Anche sulle liste le cose non risultano facili. Mentre Berlusconi e Salvini sono per dare il 33% di candidati ad ogni partito, la Meloni, sempre contando sui sondaggi, ne esigerebbe una fetta ben più abbondante. Sulle candidature nascono tuttavia i problemi per tutte le coalizioni. Si è aperta allegramente una crisi forse dimenticando che il prossimo Parlamento sarà composto solo da 400 deputati e 200 senatori. Molti degli attuali parlamentari non verranno rieletti. Inoltre non si è fatta una nuova legge elettorale e si torna alle urne con le regole del Rosatellum. Solo la Meloni, probabilmente, vedrà aumentare i propri seggi. Per tutti gli altri ci sarà una grossa cura dimagrante.

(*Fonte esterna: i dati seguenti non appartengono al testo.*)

section \<open>Bundle costs from prefix counts\<close>

lemma sum_mult_le_if_prefix_sums_le:
  fixes u v c :: "nat \<Rightarrow> real"
  assumes antimono: "\<And>r s. 1 \<le> r \<Longrightarrow> r \<le> s \<Longrightarrow> s \<le> m \<Longrightarrow> c s \<le> c r"
    and nonneg: "0 \<le> c m"
    and prefix_sums: "\<And>k. 1 \<le> k \<Longrightarrow> k \<le> m \<Longrightarrow> (\<Sum>r=1..k. u r) \<le> (\<Sum>r=1..k. v r)"
  shows "(\<Sum>r=1..m. u r * c r) \<le> (\<Sum>r=1..m. v r * c r)"
proof (cases "m = 0")
  case False
  define w where "w r = u r - v r" for r
  \<comment> \<open>Abel summation, one term at a time\<close>
  have partial: "(\<Sum>r=1..k. w r * c r) \<le> (\<Sum>r=1..k. w r) * c k" if "1 \<le> k" "k \<le> m" for k
    using that
  proof (induction k rule: nat_induct_at_least)
    case (Suc k)
    have "(\<Sum>r=1..k. w r) \<le> 0"
      using prefix_sums[of k] Suc.prems Suc.hyps by (simp add: w_def sum_subtractf)
    moreover have "c (Suc k) \<le> c k"
      using antimono Suc.prems Suc.hyps by simp
    ultimately have "(\<Sum>r=1..k. w r) * c k \<le> (\<Sum>r=1..k. w r) * c (Suc k)"
      by (simp add: mult_left_mono_neg)
    with Suc show ?case
      by (simp add: algebra_simps)
  qed simp
  have "(\<Sum>r=1..m. w r * c r) \<le> (\<Sum>r=1..m. w r) * c m"
    using partial False by simp
  also have "\<dots> \<le> 0"
    using prefix_sums[of m] False nonneg by (simp add: w_def sum_subtractf mult_nonpos_nonneg)
  finally show ?thesis
    by (simp add: w_def left_diff_distrib sum_subtractf)
qed simp

lemma sum_alloc_bundle:
  "(\<Sum>r\<in>alloc_bundle S i. c r) = (\<Sum>r=1..length S. of_bool (S ! (r - 1) = i) * (c r :: real))"
  unfolding alloc_bundle_def pick_def by (simp split del: split_of_bool add: Int_def conj_commute)

lemma sum_of_bool_nth_eq_count_list:
  "k \<le> length S \<Longrightarrow> (\<Sum>r=1..k. of_bool (S ! (r - 1) = i) :: real) = real (count_list (take k S) i)"
proof (induction k)
  case (Suc k)
  then have "take (Suc k) S = take k S @ [S ! k]"
    by (simp add: take_Suc_conv_app_nth)
  with Suc show ?case
    by simp
qed simp

lemma sum_of_bool_eq_mult:
  "finite A \<Longrightarrow> (\<Sum>r\<in>A. of_bool (r = j) * (f r :: real)) = of_bool (j \<in> A) * f j"
  by (simp split del: split_of_bool add: Int_insert_right)

lemma bundle_le_CS_if_counts_bounded:
  fixes \<alpha> a b d :: real
  assumes S: "length S = m" and c: "c \<in> costs m" and "0 < n"
    and "0 \<le> \<alpha>" "0 \<le> a" "0 \<le> b" "0 \<le> d" "a + b + d = 1"
    and counts: "\<And>k. 1 \<le> k \<Longrightarrow> k \<le> m \<Longrightarrow>
      real (count_list (take k S) i) \<le> \<alpha> * (a * k / n + b + d * (of_bool (n \<le> k) + of_bool (n < k)))"
  shows "(\<Sum>r\<in>alloc_bundle S i. c r) \<le> \<alpha> * CS n m c"
proof -
  define v where "v r = \<alpha> * (a / n + b * of_bool (r = 1) + d * (of_bool (r = n) + of_bool (r = Suc n)))"
    for r :: nat
  have v_sum: "(\<Sum>r\<in>A. v r * f r) =
      \<alpha> * (a / n * (\<Sum>r\<in>A. f r) + b * (of_bool (1 \<in> A) * f 1)
        + d * (of_bool (n \<in> A) * f n + of_bool (Suc n \<in> A) * f (Suc n)))"
    if "finite A" for A and f :: "nat \<Rightarrow> real"
  proof -
    have "v r * f r = \<alpha> * (a / n * f r + b * (of_bool (r = 1) * f r)
        + d * (of_bool (r = n) * f r + of_bool (r = Suc n) * f r))" for r
      unfolding v_def by (simp add: algebra_simps split del: split_of_bool)
    then show ?thesis
      by (simp only: sum.distrib flip: sum_distrib_left) (simp only: sum_of_bool_eq_mult[OF that])
  qed
  have "(\<Sum>r=1..m. of_bool (S ! (r - 1) = i) * c r) \<le> (\<Sum>r=1..m. v r * c r)"
  proof (rule sum_mult_le_if_prefix_sums_le)
    show "c s \<le> c r" if "1 \<le> r" "r \<le> s" "s \<le> m" for r s
      using costs_antimono[OF c that] .
    show "0 \<le> c m"
      using costs_nonneg[OF c] .
    fix k assume k: "1 \<le> k" "k \<le> m"
    have "(\<Sum>r=1..k. of_bool (S ! (r - 1) = i)) = real (count_list (take k S) i)"
      using sum_of_bool_nth_eq_count_list[of k S i] k S by simp
    also have "\<dots> \<le> (\<Sum>r=1..k. v r)"
      using counts[OF k] v_sum[of "{1..k}" "\<lambda>_. 1"] k \<open>0 < n\<close> by (simp add: algebra_simps Suc_le_eq)
    finally show "(\<Sum>r=1..k. of_bool (S ! (r - 1) = i)) \<le> (\<Sum>r=1..k. v r)" .
  qed
  also have "\<dots> = \<alpha> * (a * ((\<Sum>r=1..m. c r) / n) + b * c 1 + d * (c n + c (Suc n)))"
    using v_sum[of "{1..m}" c] costs_outside[OF c] by (auto simp: algebra_simps)
  also have "\<dots> \<le> \<alpha> * (a * CS n m c + b * CS n m c + d * CS n m c)"
    using assms(4-7) by (intro mult_left_mono add_mono) (auto simp: CS_def)
  also have "\<dots> = \<alpha> * CS n m c"
    using \<open>a + b + d = 1\<close> by (simp flip: distrib_right)
  finally show ?thesis
    using S by (simp add: sum_alloc_bundle)
qed
lemma sum_vertices: "(\<Sum>v\<in>V. f v) = (\<Sum>u\<in>U. f u + f (m u))"
proof -
  have inj: "inj_on m U" and V_eq: "V = U \<union> m ` U"
    using bij base_subset unfolding bij_betw_def by blast+
  have "finite U"
    using finite_vertices base_subset by (rule finite_subset[rotated])
  moreover have "U \<inter> m ` U = {}"
    using bij unfolding bij_betw_def by blast
  ultimately have "(\<Sum>v\<in>V. f v) = (\<Sum>v\<in>U. f v) + (\<Sum>v\<in>m ` U. f v)"
    by (subst V_eq) (simp add: sum.union_disjoint)
  also have "(\<Sum>v\<in>m ` U. f v) = (\<Sum>u\<in>U. f (m u))"
    using inj by (simp add: sum.reindex)
  finally show ?thesis
    by (simp add: sum.distrib)
qed

lemma open_nbhd_pendant: "u \<in> U \<Longrightarrow> open_nbhd V R (m u) = {u}"
  using pendant base_subset unfolding open_nbhd_def by blast

lemma open_nbhd_base:
  assumes "u \<in> U"
  shows "open_nbhd V R u = insert (m u) (open_nbhd V R u \<inter> U)"
proof -
  have "R u (m u)"
    using pendant[OF assms] edge_sym by blast
  moreover have "z = m u" if "R u z" "z \<in> V - U" for z
  proof -
    obtain u' where "u' \<in> U" "z = m u'"
      using \<open>z \<in> V - U\<close> bij unfolding bij_betw_def by blast
    then show ?thesis
      using pendant[of u' u] edge_sym[OF \<open>R u z\<close>] by simp
  qed
  ultimately show ?thesis
    using pendant_vertex[OF assms] unfolding open_nbhd_def by blast
qed

text \<open>The adjacency matrix of \<open>H \<odot> K\<^sub>1\<close> is unimodular: the pendant vertex \<open>m u\<close> only
  sees \<open>u\<close>, which fixes the value at \<open>u\<close>; the value at \<open>m u\<close> then corrects the sum over
  the neighbourhood of \<open>u\<close>.\<close>
definition adj_inv :: "('a \<Rightarrow> int) \<Rightarrow> 'a \<Rightarrow> int" where
  "adj_inv h v = (if v \<in> U then h (m v)
     else let u = the_inv_into U m v in h u - (\<Sum>w\<in>open_nbhd V R u \<inter> U. h (m w)))"

lemma adj_inv_base: "u \<in> U \<Longrightarrow> adj_inv h u = h (m u)"
  unfolding adj_inv_def by simp

lemma adj_inv_pendant:
  "u \<in> U \<Longrightarrow> adj_inv h (m u) = h u - (\<Sum>w\<in>open_nbhd V R u \<inter> U. h (m w))"
  using pendant_vertex bij unfolding adj_inv_def bij_betw_def by (simp add: the_inv_into_f_f)

lemma sum_open_nbhd_adj_inv:
  assumes "v \<in> V"
  shows "(\<Sum>w\<in>open_nbhd V R v. adj_inv h w) = h v"
proof (cases "v \<in> U")
  case True
  have "finite (open_nbhd V R v \<inter> U)"
    using finite_vertices unfolding open_nbhd_def by simp
  moreover have "m v \<notin> open_nbhd V R v \<inter> U"
    using pendant_vertex[OF True] by blast
  ultimately show ?thesis
    using True by (subst open_nbhd_base) (simp_all add: adj_inv_base adj_inv_pendant)
next
  case False
  then obtain u where "u \<in> U" "v = m u"
    using assms bij unfolding bij_betw_def by blast
  then show ?thesis
    by (simp add: open_nbhd_pendant adj_inv_base)
qed

lemma sum_adj_inv_one: "(\<Sum>v\<in>V. adj_inv (\<lambda>_. 1) v) = (\<Sum>v\<in>V. 2 - int (degree V R v))"
proof -
  have "int (degree V R u) = int (card (open_nbhd V R u \<inter> U)) + 1" if "u \<in> U" for u
  proof -
    have "finite (open_nbhd V R u \<inter> U)"
      using finite_vertices unfolding open_nbhd_def by simp
    moreover have "m u \<notin> open_nbhd V R u \<inter> U"
      using pendant_vertex[OF that] by blast
    ultimately show ?thesis
      unfolding degree_def by (subst open_nbhd_base[OF that]) simp
  qed
  then show ?thesis
    unfolding sum_vertices
    by (intro sum.cong) (simp_all add: adj_inv_base adj_inv_pendant degree_def open_nbhd_pendant)
qed

end

section \<open>Lights Out on the complement\<close>

text \<open>\<open>M v\<close> is the set of vertices whose toggling changes the label of \<open>v\<close>.\<close>
definition all_winnable :: "'a set \<Rightarrow> ('a \<Rightarrow> 'a set) \<Rightarrow> nat \<Rightarrow> bool" where
  "all_winnable V M l \<longleftrightarrow>
     (\<forall>f :: 'a \<Rightarrow> int. \<exists>t :: 'a \<Rightarrow> int. \<forall>v\<in>V. (f v + (\<Sum>w\<in>M v. t w)) mod int l = 0)"

lemma N_AW_eq_all_winnable_compl:
  assumes "simple_graph V E"
  shows "N_AW V E l \<longleftrightarrow> all_winnable V (\<lambda>v. V - open_nbhd V (compl_graph V E) v) l"
proof -
  have sym: "\<And>x y. E x y \<Longrightarrow> E y x"
    using assms unfolding simple_graph_def by blast
  have "{w \<in> V. v \<in> closed_nbhd V E w} = V - open_nbhd V (compl_graph V E) v" if "v \<in> V" for v
    using that sym unfolding closed_nbhd_def open_nbhd_def compl_graph_def by auto
  then show ?thesis
    unfolding N_AW_def all_winnable_def by simp
qed

lemma sum_weighted_compl_nbhd:
  fixes a t :: "'a \<Rightarrow> int"
  assumes G: "simple_graph V R"
    and weights: "\<And>w. w \<in> V \<Longrightarrow> (\<Sum>v\<in>open_nbhd V R w. a v) = 1"
  shows "(\<Sum>v\<in>V. a v * (\<Sum>w\<in>V - open_nbhd V R v. t w)) = ((\<Sum>v\<in>V. a v) - 1) * (\<Sum>w\<in>V. t w)"
proof -
  have fin: "finite V" and sym: "\<And>x y. R x y \<Longrightarrow> R y x"
    using G unfolding simple_graph_def by blast+
  have "(\<Sum>v\<in>V. \<Sum>w\<in>open_nbhd V R v. a v * t w) = (\<Sum>w\<in>V. \<Sum>v\<in>{v \<in> V. R v w}. a v * t w)"
    unfolding open_nbhd_def by (rule sum.swap_restrict[OF fin fin])
  also have "\<dots> = (\<Sum>w\<in>V. (\<Sum>v\<in>open_nbhd V R w. a v) * t w)"
  proof (rule sum.cong[OF refl])
    fix w
    have "{v \<in> V. R v w} = open_nbhd V R w"
      using sym unfolding open_nbhd_def by blast
    then show "(\<Sum>v\<in>{v \<in> V. R v w}. a v * t w) = (\<Sum>v\<in>open_nbhd V R w. a v) * t w"
      by (simp add: sum_distrib_right)
  qed
  also have "\<dots> = (\<Sum>w\<in>V. t w)"
    using weights by simp
  finally have swap: "(\<Sum>v\<in>V. a v * (\<Sum>w\<in>open_nbhd V R v. t w)) = (\<Sum>w\<in>V. t w)"
    by (simp add: sum_distrib_left)
  have "(\<Sum>v\<in>V. a v * (\<Sum>w\<in>V - open_nbhd V R v. t w))
      = (\<Sum>v\<in>V. a v * (\<Sum>w\<in>V. t w) - a v * (\<Sum>w\<in>open_nbhd V R v. t w))"
    using fin by (intro sum.cong) (auto simp: sum_diff open_nbhd_def right_diff_distrib)
  also have "\<dots> = (\<Sum>v\<in>V. a v) * (\<Sum>w\<in>V. t w) - (\<Sum>w\<in>V. t w)"
    by (simp add: sum_subtractf swap sum_distrib_right)
  finally show ?thesis
    by (simp add: left_diff_distrib)
qed

lemma gcd_eq_1_if_all_winnable_compl:
  fixes a :: "'a \<Rightarrow> int"
  assumes G: "simple_graph V R"
    and weights: "\<And>w. w \<in> V \<Longrightarrow> (\<Sum>v\<in>open_nbhd V R w. a v) = 1"
    and winnable: "all_winnable V (\<lambda>v. V - open_nbhd V R v) l"
  shows "gcd ((\<Sum>v\<in>V. a v) - 1) (int l) = 1"
proof (cases "V = {}")
  case True
  then show ?thesis
    by simp
next
  case False
  let ?k = "\<Sum>v\<in>V. a v"
  have fin: "finite V"
    using G unfolding simple_graph_def by blast
  obtain w0 where "w0 \<in> V"
    using False by blast
  \<comment> \<open>\<open>f = -A e\<^sub>w\<^sub>0\<close>, so \<open>a\<^sup>T f = -(A a) w0 = -1\<close>.\<close>
  define f :: "'a \<Rightarrow> int" where "f v = (if v \<in> open_nbhd V R w0 then -1 else 0)" for v
  obtain t where t: "\<forall>v\<in>V. (f v + (\<Sum>w\<in>V - open_nbhd V R v. t w)) mod int l = 0"
    using winnable[unfolded all_winnable_def, THEN spec[of _ f]] by blast
  have "(\<Sum>v\<in>V. a v * f v) = - (\<Sum>v\<in>V. if v \<in> open_nbhd V R w0 then a v else 0)"
    unfolding sum_negf[symmetric] f_def by (rule sum.cong) simp_all
  also have "\<dots> = - (\<Sum>v\<in>open_nbhd V R w0. a v)"
    using fin by (simp add: open_nbhd_def sum.inter_filter)
  also have "\<dots> = -1"
    using weights[OF \<open>w0 \<in> V\<close>] by simp
  finally have "(\<Sum>v\<in>V. a v * (f v + (\<Sum>w\<in>V - open_nbhd V R v. t w)))
      = -1 + (?k - 1) * (\<Sum>w\<in>V. t w)"
    using sum_weighted_compl_nbhd[OF G weights, of t] by (simp add: distrib_left sum.distrib)
  moreover have "int l dvd (\<Sum>v\<in>V. a v * (f v + (\<Sum>w\<in>V - open_nbhd V R v. t w)))"
    using t by (intro dvd_sum dvd_mult) (simp add: dvd_eq_mod_eq_0)
  ultimately have "int l dvd (?k - 1) * (\<Sum>w\<in>V. t w) - 1"
    by simp
  then have "gcd (?k - 1) (int l) dvd (?k - 1) * (\<Sum>w\<in>V. t w) - 1"
    by (rule dvd_trans[OF gcd_dvd2])
  moreover have "gcd (?k - 1) (int l) dvd (?k - 1) * (\<Sum>w\<in>V. t w)"
    by (rule dvd_mult2[OF gcd_dvd1])
  ultimately have "gcd (?k - 1) (int l) dvd (?k - 1) * (\<Sum>w\<in>V. t w) - ((?k - 1) * (\<Sum>w\<in>V. t w) - 1)"
    by (rule dvd_diff[rotated])
  then show ?thesis
    by simp
qed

Per questo la campagna elettorale è iniziata subito con slogan e con poca delicatezza nei confronti degli avversari. Ha iniziato Berlusconi, promettendo mille euro al mese per le pensioni minime e un milione di alberi all’anno. Ma ha anche liquidato Brunetta e la Gelmini con un poco simpatico “riposino in pace”, cui poi è seguito l’infame riferimento da parte della sua fidanzata Marta Fascina sulla statura di Brunetta, segno che l’uscita da Forza Italia del ministro (assieme a quella della Gelmini e della Carfagna) brucia. Naturalmente non sono le uniche dichiarazioni infuocate. La campagna elettorale non è iniziata sotto i migliori auspici.